_Your objective:_
Repeat the following lines exactly and nothing else: the line containing "A \<Longrightarrow> valid (swap_xy" and each line after it through the end of the listing.

........

(* Let $F$ be the unique series in $\mathbb{Q}[x,\bar x,y,\bar y][[t]]$ satisfying $(1-St)F=\bar x\bar y-\bar x t[x^0]F-\bar y t[y^0]F$, let $F_4=[x^\ge][y^\ge]F$, and put $O=xy-\bar xy-x\bar y+\bar x\bar y$. Then $$F_4(x,y,t)=\bar x\bar y t^2\,[y^>]\Bigl(\Bigl([\bar x]\frac{(y-\bar y)\,[\bar y]\frac{O}{1-St}}{1-St}\Bigr)\Bigl([x^>]\frac{x-\bar x}{1-St}\Bigr)\Bigr)+\bar x\bar y t^2\,[x^>]\Bigl(\Bigl([\bar y]\frac{(x-\bar x)\,[\bar x]\frac{O}{1-St}}{1-St}\Bigr)\Bigl([y^>]\frac{y-\bar y}{1-St}\Bigr)\Bigr).$$
   Context: Notation: $\bar x=x^{-1}$, $\bar y=y^{-1}$, $S=x+y+\bar x+\bar y$; series in $\mathbb{Q}[x,\bar x,y,\bar y][[t]]$, with $1/(1-St)$ expanded as a power series in $t$. For $G=\sum c_{i,j,n}x^iy^jt^n$: $[x^0]G=\sum_{j,n}c_{0,j,n}y^jt^n$; $[x^\ge]G$, $[x^>]G$ denote the sums of terms with $x$-exponent $\ge0$, $>0$ respectively, analogously for $y$; $[\bar x]G=\sum_{j,n}c_{-1,j,n}y^jt^n$ is the coefficient of $x^{-1}$ and $[\bar y]G=\sum_{i,n}c_{i,-1,n}x^it^n$ the coefficient of $y^{-1}$. *)

theory Defs
  imports Main "HOL.Rat"
begin

text \<open>A series in Q[x,xbar,y,ybar][[t]] is represented by its coefficient function:
  F i j n is the coefficient of x^i y^j t^n.  Membership in Q[x,xbar,y,ybar][[t]]
  means every t-coefficient is a Laurent polynomial (finite support).\<close>

type_synonym ser = "int \<Rightarrow> int \<Rightarrow> nat \<Rightarrow> rat"

definition supp :: "ser \<Rightarrow> nat \<Rightarrow> (int \<times> int) set" where
  "supp A n = {p. A (fst p) (snd p) n \<noteq> 0}"

definition valid :: "ser \<Rightarrow> bool" where
  "valid A \<longleftrightarrow> (\<forall>n. finite (supp A n))"

definition sadd :: "ser \<Rightarrow> ser \<Rightarrow> ser" where
  "sadd A B = (\<lambda>i j n. A i j n + B i j n)"

definition ssub :: "ser \<Rightarrow> ser \<Rightarrow> ser" where
  "ssub A B = (\<lambda>i j n. A i j n - B i j n)"

text \<open>Cauchy product (well defined for valid series).\<close>
definition smul :: "ser \<Rightarrow> ser \<Rightarrow> ser" where
  "smul A B = (\<lambda>i j n. \<Sum>m\<le>n. \<Sum>p\<in>supp A m.
      A (fst p) (snd p) m * B (i - fst p) (j - snd p) (n - m))"

definition lmon :: "rat \<Rightarrow> int \<Rightarrow> int \<Rightarrow> nat \<Rightarrow> ser" where
  "lmon c a b k = (\<lambda>i j n. if i = a \<and> j = b \<and> n = k then c else 0)"

definition Sser :: ser where
  "Sser = sadd (sadd (lmon 1 1 0 0) (lmon 1 (-1) 0 0)) (sadd (lmon 1 0 1 0) (lmon 1 0 (-1) 0))"

definition oneMinusSt :: ser where
  "oneMinusSt = ssub (lmon 1 0 0 0) (smul Sser (lmon 1 0 0 1))"

text \<open>1/(1-St) = sum_n S^n t^n, coefficientwise: the t^(n+1)-coefficient is S times the t^n-coefficient.\<close>
fun invSt :: ser where
  "invSt i j 0 = (if i = 0 \<and> j = 0 then 1 else 0)"
| "invSt i j (Suc n) = invSt (i - 1) j n + invSt (i + 1) j n + invSt i (j - 1) n + invSt i (j + 1) n"

definition cx0 :: "ser \<Rightarrow> ser" where
  "cx0 F = (\<lambda>i j n. if i = 0 then F 0 j n else 0)"
definition cy0 :: "ser \<Rightarrow> ser" where
  "cy0 F = (\<lambda>i j n. if j = 0 then F i 0 n else 0)"
definition cxbar :: "ser \<Rightarrow> ser" where
  "cxbar F = (\<lambda>i j n. if i = 0 then F (-1) j n else 0)"
definition cybar :: "ser \<Rightarrow> ser" where
  "cybar F = (\<lambda>i j n. if j = 0 then F i (-1) n else 0)"
definition xge :: "ser \<Rightarrow> ser" where
  "xge F = (\<lambda>i j n. if i \<ge> 0 then F i j n else 0)"
definition xgt :: "ser \<Rightarrow> ser" where
  "xgt F = (\<lambda>i j n. if i > 0 then F i j n else 0)"
definition yge :: "ser \<Rightarrow> ser" where
  "yge F = (\<lambda>i j n. if j \<ge> 0 then F i j n else 0)"
definition ygt :: "ser \<Rightarrow> ser" where
  "ygt F = (\<lambda>i j n. if j > 0 then F i j n else 0)"

definition Oser :: ser where
  "Oser = sadd (ssub (ssub (lmon 1 1 1 0) (lmon 1 (-1) 1 0)) (lmon 1 1 (-1) 0)) (lmon 1 (-1) (-1) 0)"

end

theory Submission
  imports Defs
begin

text \<open>By its defining equation, F counts walks on \<open>\<int>\<^sup>2\<close> with unit steps that start at
  \<open>(-1,-1)\<close> and never step from the line \<open>x = 0\<close> to \<open>x = -1\<close> nor from \<open>y = 0\<close> to \<open>y = -1\<close>.
  Such a walk lives first in the south-west quadrant, possibly moves on to the north-west
  (or south-east) quadrant and ends in the north-east quadrant, never returning.  On each
  quadrant the coefficients of F obey the free recurrence of \<open>1/(1-St)\<close> with absorbing walls
  and a source fed by the previous quadrant, so the reflection principle solves them: extend
  the source antisymmetrically across the walls and divide by \<open>1 - St\<close>.  This yields
  \<open>O/(1-St)\<close> on the south-west quadrant, a shifted copy of
  \<open>(y - ybar) [ybar](O/(1-St)) / (1-St)\<close> on the north-west quadrant, and on the north-east quadrant the
  first summand of the formula for the walks entering across \<open>x = 0\<close>; by the symmetry
  \<open>x \<leftrightarrow> y\<close> of F the walks entering across \<open>y = 0\<close> give the second summand.\<close>

section \<open>Products of series\<close>

lemma sum_supp_superset:
  assumes "finite Z" "supp A m \<subseteq> Z"
  shows "(\<Sum>p\<in>supp A m. A (fst p) (snd p) m * f p) = (\<Sum>p\<in>Z. A (fst p) (snd p) m * f p)"
  by (rule sum.mono_neutral_left) (use assms in \<open>auto simp: supp_def\<close>)

lemma smul_superset:
  assumes "\<And>m. finite (Z m)" "\<And>m. supp A m \<subseteq> Z m"
  shows "smul A B i j n = (\<Sum>m\<le>n. \<Sum>p\<in>Z m. A (fst p) (snd p) m * B (i - fst p) (j - snd p) (n - m))"
  unfolding smul_def using assms by (intro sum.cong refl sum_supp_superset)

lemma smul_sadd_left:
  assumes "valid A" "valid B"
  shows "smul (sadd A B) C = sadd (smul A C) (smul B C)"
proof (intro ext)
  fix i j n
  define Z where "Z m = supp A m \<union> supp B m" for m
  have "finite (Z m)" for m using assms by (simp add: Z_def valid_def)
  moreover have "supp A m \<subseteq> Z m" "supp B m \<subseteq> Z m" "supp (sadd A B) m \<subseteq> Z m" for m
    by (auto simp: Z_def supp_def sadd_def)
  ultimately show "smul (sadd A B) C i j n = sadd (smul A C) (smul B C) i j n"
    by (simp add: smul_superset[of Z] sadd_def distrib_right sum.distrib)
qed

lemma smul_ssub_left:
  assumes "valid A" "valid B"
  shows "smul (ssub A B) C = ssub (smul A C) (smul B C)"
proof (intro ext)
  fix i j n
  define Z where "Z m = supp A m \<union> supp B m" for m
  have "finite (Z m)" for m using assms by (simp add: Z_def valid_def)
  moreover have "supp A m \<subseteq> Z m" "supp B m \<subseteq> Z m" "supp (ssub A B) m \<subseteq> Z m" for m
    by (auto simp: Z_def supp_def ssub_def)
  ultimately show "smul (ssub A B) C i j n = ssub (smul A C) (smul B C) i j n"
    by (simp add: smul_superset[of Z] ssub_def left_diff_distrib sum_subtractf)
qed

lemma valid_sadd: "valid A \<Longrightarrow> valid B \<Longrightarrow> valid (sadd A B)"
proof -
  assume a: "valid A" "valid B"
  have "supp (sadd A B) n \<subseteq> supp A n \<union> supp B n" for n by (auto simp: supp_def sadd_def)
  then show ?thesis using a unfolding valid_def by (meson finite_Un finite_subset)
qed

lemma valid_ssub: "valid A \<Longrightarrow> valid B \<Longrightarrow> valid (ssub A B)"
proof -
  assume a: "valid A" "valid B"
  have "supp (ssub A B) n \<subseteq> supp A n \<union> supp B n" for n by (auto simp: supp_def ssub_def)
  then show ?thesis using a unfolding valid_def by (meson finite_Un finite_subset)
qed

lemma valid_lmon: "valid (lmon c a b k)"
proof -
  have "supp (lmon c a b k) n \<subseteq> {(a, b)}" for n by (auto simp: supp_def lmon_def)
  then show ?thesis unfolding valid_def by (meson finite.emptyI finite_insert finite_subset)
qed

lemma valid_smul:
  assumes "valid A" "valid B" shows "valid (smul A B)"
  unfolding valid_def
proof
  fix n
  let ?U = "\<Union>m\<le>n. \<Union>p\<in>supp A m. \<Union>q\<in>supp B (n - m). {(fst p + fst q, snd p + snd q)}"
  have "supp (smul A B) n \<subseteq> ?U"
  proof
    fix z assume "z \<in> supp (smul A B) n"
    then obtain i j where z: "z = (i, j)" and "smul A B i j n \<noteq> 0" by (cases z) (auto simp: supp_def)
    then obtain m p where "m \<le> n" "p \<in> supp A m"
      and "A (fst p) (snd p) m * B (i - fst p) (j - snd p) (n - m) \<noteq> 0"
      unfolding smul_def by (meson atMost_iff sum.not_neutral_contains_not_neutral)
    then show "z \<in> ?U" unfolding z by (force simp: supp_def)
  qed
  moreover have "finite ?U" using assms unfolding valid_def by auto
  ultimately show "finite (supp (smul A B) n)" by (rule finite_subset)
qed

lemma valid_cxbar: "valid A \<Longrightarrow> valid (cxbar A)"
proof -
  assume a: "valid A"
  have "supp (cxbar A) n \<subseteq> (\<lambda>p. (0, snd p)) ` supp A n" for n
    by (auto simp: supp_def cxbar_def image_iff)
  then show ?thesis using a unfolding valid_def by (meson finite_imageI finite_subset)
qed

lemma valid_cybar: "valid A \<Longrightarrow> valid (cybar A)"
proof -
  assume a: "valid A"
  have "supp (cybar A) n \<subseteq> (\<lambda>p. (fst p, 0)) ` supp A n" for n
    by (auto simp: supp_def cybar_def image_iff)
  then show ?thesis using a unfolding valid_def by (meson finite_imageI finite_subset)
qed

lemma smul_lmon:
  "smul (lmon c a b k) A i j n = (if k \<le> n then c * A (i - a) (j - b) (n - k) else 0)"
proof -
  have "supp (lmon c a b k) m = (if m = k \<and> c \<noteq> 0 then {(a, b)} else {})" for m
    by (auto simp: supp_def lmon_def)
  then have "(\<Sum>p\<in>supp (lmon c a b k) m. lmon c a b k (fst p) (snd p) m * A (i - fst p) (j - snd p) (n - m))
      = (if k = m then c * A (i - a) (j - b) (n - m) else 0)" for m
    by (auto simp: lmon_def)
  then show ?thesis by (simp add: smul_def)
qed

lemma smul_Sser: "smul Sser X i j n = X (i - 1) j n + X (i + 1) j n + X i (j - 1) n + X i (j + 1) n"
  unfolding Sser_def
  by (simp only: smul_sadd_left valid_sadd valid_lmon) (simp add: sadd_def smul_lmon)

lemma smul_oneMinusSt: "smul oneMinusSt X i j n = X i j n -
   (if 1 \<le> n then X (i - 1) j (n - 1) + X (i + 1) j (n - 1) + X i (j - 1) (n - 1) + X i (j + 1) (n - 1) else 0)"
proof -
  have expand: "oneMinusSt = ssub (lmon 1 0 0 0)
      (sadd (sadd (lmon 1 1 0 1) (lmon 1 (-1) 0 1)) (sadd (lmon 1 0 1 1) (lmon 1 0 (-1) 1)))"
    unfolding oneMinusSt_def by (auto simp: fun_eq_iff ssub_def smul_Sser sadd_def lmon_def)
  show ?thesis unfolding expand
    by (simp only: smul_sadd_left smul_ssub_left valid_sadd valid_lmon) (simp add: sadd_def ssub_def smul_lmon)
qed

lemma smul_x_minus_xbar:
  "smul (ssub (lmon 1 1 0 0) (lmon 1 (-1) 0 0)) X = (\<lambda>i j n. X (i - 1) j n - X (i + 1) j n)"
  by (simp only: smul_ssub_left valid_lmon) (simp add: fun_eq_iff ssub_def smul_lmon)

lemma smul_y_minus_ybar:
  "smul (ssub (lmon 1 0 1 0) (lmon 1 0 (-1) 0)) X = (\<lambda>i j n. X i (j - 1) n - X i (j + 1) n)"
  by (simp only: smul_ssub_left valid_lmon) (simp add: fun_eq_iff ssub_def smul_lmon)

lemma smul_x_difference_right:
  "smul A (\<lambda>i j n. X (i - 1) j n - X (i + 1) j n) i j n = smul A X (i - 1) j n - smul A X (i + 1) j n"
  by (simp add: smul_def right_diff_distrib sum_subtractf algebra_simps)

lemma smul_xgt_column:
  assumes "\<And>i j n. i \<noteq> 0 \<Longrightarrow> G i j n = 0"
  shows "smul G (xgt H) i j n = (if 0 < i then smul G H i j n else 0)"
proof -
  have "fst p = 0" if "p \<in> supp G m" for p m using that assms by (cases p) (auto simp: supp_def)
  then show ?thesis by (auto simp: smul_def xgt_def intro!: sum.cong sum.neutral)
qed

definition swap_xy :: "ser \<Rightarrow> ser" where "swap_xy A = (\<lambda>i j n. A j i n)"

lemma supp_swap_xy: "supp (swap_xy A) m = prod.swap ` supp A m"
  by (auto simp: supp_def swap_xy_def image_iff)

lemma valid_swap_xy: "valid A \<Longrightarrow> valid (swap_xy A)"
  by (simp add: valid_def supp_swap_xy)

........

_Solution to the problem:_
lemma valid_swap_xy: "valid A \<Longrightarrow> valid (swap_xy A)"
  by (simp add: valid_def supp_swap_xy)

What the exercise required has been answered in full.